Broadly, policy could be defined as interventions to confront a particular problem. But in order to design an intervention, one must be able to define the problem — the first hurdle for innovation policy (Peters, 2018). Richard Coyne argues that the exception, not the norm, is being able to design policy for awkward or ambiguous problems, and if we align this with the thoughts of Dalitz and Toner, that innovation policy is always viewed through the lens of individual mental models, we certainly find the nexus of a complex issue (Coyne, 2005).

With the concept of a National Innovation System (NIS) being globally accepted since the term was coined in the early 90’s, it would be easy to assume that there is a global benchmark definition of innovation to commence the policy design cycle with, however there is no clearly articulated definition of what constitutes a NIS, nor what system it creates (Webster, 2009). So with no problem to confront, where does the policy design process begin?

In a letter to the Hon Kim Carr, delivering the report of a commission into the Australian National Innovation System, Terry Cutler stated “Innovation is not the problem; it is the answer” (Cutler, 2008) — speaking to the earlier ideas of Smith and Dodgson, that typically to approach innovation policy, there has to be a perceived market failure, and to the ideas of Peters, that there has to be a problem to design policy.

Under this preface, that the first stage of the policy cycle, defining the problem, becomes inherently ambiguous, we find a challenge in the design of innovation policy. Under conditions of ambiguity, any policy design theory based on rational behaviour, are rendered near useless, and what can happen is a garbage can model of choice, where “Choice is conceptualised as a garbage can into which participants, who drift in and out of the problem, dump largely unrelated problems and solutions. No one person controls the process” (Sabatier and Weible, 2014). Decisions in the garbage can are then made through the distillation and identification of what was dumped in there during the process, leading to temporal solutions (Sabatier and Weible, 2014).

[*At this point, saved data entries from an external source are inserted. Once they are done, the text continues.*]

lemma Lyapunov_iff_binomial_sums_zero:
  fixes Q A :: "real^'n^'n"
  shows "transpose A ** Q + Q ** A = 0
     \<longleftrightarrow> (\<forall>k\<ge>2. (\<Sum>i=0..k-1. (1 / fact (k-1) * real ((k-1) choose i)) *\<^sub>R
                     (transpose (matpow A i) ** Q ** matpow A (k-i-1))) = 0)"
proof
  assume Lyap: "transpose A ** Q + Q ** A = 0"
  show "\<forall>k\<ge>2. (\<Sum>i=0..k-1. (1 / fact (k-1) * real ((k-1) choose i)) *\<^sub>R
                     (transpose (matpow A i) ** Q ** matpow A (k-i-1))) = 0"
  proof (intro allI impI)
    fix k :: nat assume "k \<ge> 2"
    then obtain m where k: "k = Suc m" and "m > 0" by (cases k) auto
    have "(\<Sum>i=0..k-1. (1 / fact (k-1) * real ((k-1) choose i)) *\<^sub>R
                     (transpose (matpow A i) ** Q ** matpow A (k-i-1)))
        = (1 / fact m) *\<^sub>R
            (\<Sum>i=0..m. real (m choose i) *\<^sub>R (transpose (matpow A i) ** Q ** matpow A (m - i)))"
      by (simp add: k scaleR_sum_right)
    then show "(\<Sum>i=0..k-1. (1 / fact (k-1) * real ((k-1) choose i)) *\<^sub>R
                     (transpose (matpow A i) ** Q ** matpow A (k-i-1))) = 0"
      using binomial_sum_skew_eq_zero[OF Lyap \<open>m > 0\<close>] by simp
  qed
next
  assume "\<forall>k\<ge>2. (\<Sum>i=0..k-1. (1 / fact (k-1) * real ((k-1) choose i)) *\<^sub>R
                     (transpose (matpow A i) ** Q ** matpow A (k-i-1))) = 0"
  from this[rule_format, of 2] show "transpose A ** Q + Q ** A = 0"
    by (simp add: numeral_2_eq_2 add.commute)
qed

The tension? That without clear universal standards or definition of innovation — the design of this policy begins on a highly subjective footing.

Implementation options — policy design challenge #2

Since the announcement of the agenda in 2015, the development of the program has recently led to the government putting out with a request for tender (RFT) for partners to assist with the delivery of the core focus areas of the program, committing $182million to be spread across 10 partners (Sadler, 2019).

With Australian public management characteristics and behaviours aligning fairly well with those of New Public Management (NPM), reforms felt from the 80’s on, this contracting or partnership model is fairly characteristic of our current ideology. However, arriving at this mechanism of implementation would have been a challenge of policy design, while attempting to define which part of a National Innovation System, or championing progression and change through policy, is the responsibility of government.

In any circumstance there are pros and cons to this outsourcing and contracting mechanism to the provision of government services. Whilst the RFT process drives up competition in a pricing sense, and in theory the quality of offerings for government to consider, these partnerships can also demand more management from the responsible agencies, ensuring that the work that was promised is the work that’s delivered (Lane, 2000). But apart from the practicalities, the long term future of the policy and resulting initiatives also has to be taken into consideration when deciding on implementation. Does this method of implementation live beyond the lifespans of different governments?

In 1984, long before the idea of an innovative and agile nation was on the lips of our leadership (in so many words), Lambright, Crow and Shangraw reflected on National Projects in Civilian Technology in the United States, and this tension of different political ideologies taking different levels of responsibility for supporting innovation through novel applications of technologies, was already evident.

“What one presidential administration may sanction, another may deny as “outside” the government’s appropriate role.” (Lambright Crow and Shangraw, 84)

While in Australia, Liberal government ideology may, and has proven to, show an affinity to systemic economic stimulation and growth as an agenda and approach to governance, as the majority government holder over the last 15–20 years, not a lot can be said for the opposition’s approach to innovation — posing a risk for the long term plan of Australian innovation. This adds yet another element of challenge to the policy design process, as policies and their execution that address innovation, need to both align with party ideology, but also be appetising for the opposition to continue with implementation, so that the policy has a chance at outlasting the politics.

In her essay, “How We Forgot How To Govern”, Laura Tingle emphasises that in recent political history in Australia, we have developed a “political and policy amnesia”, forgetting the lessons and thoughts of the government’s gone before, and enticing voters with things shiny and new, often leaving both policies and voters left wanting more (Tingle, 2015).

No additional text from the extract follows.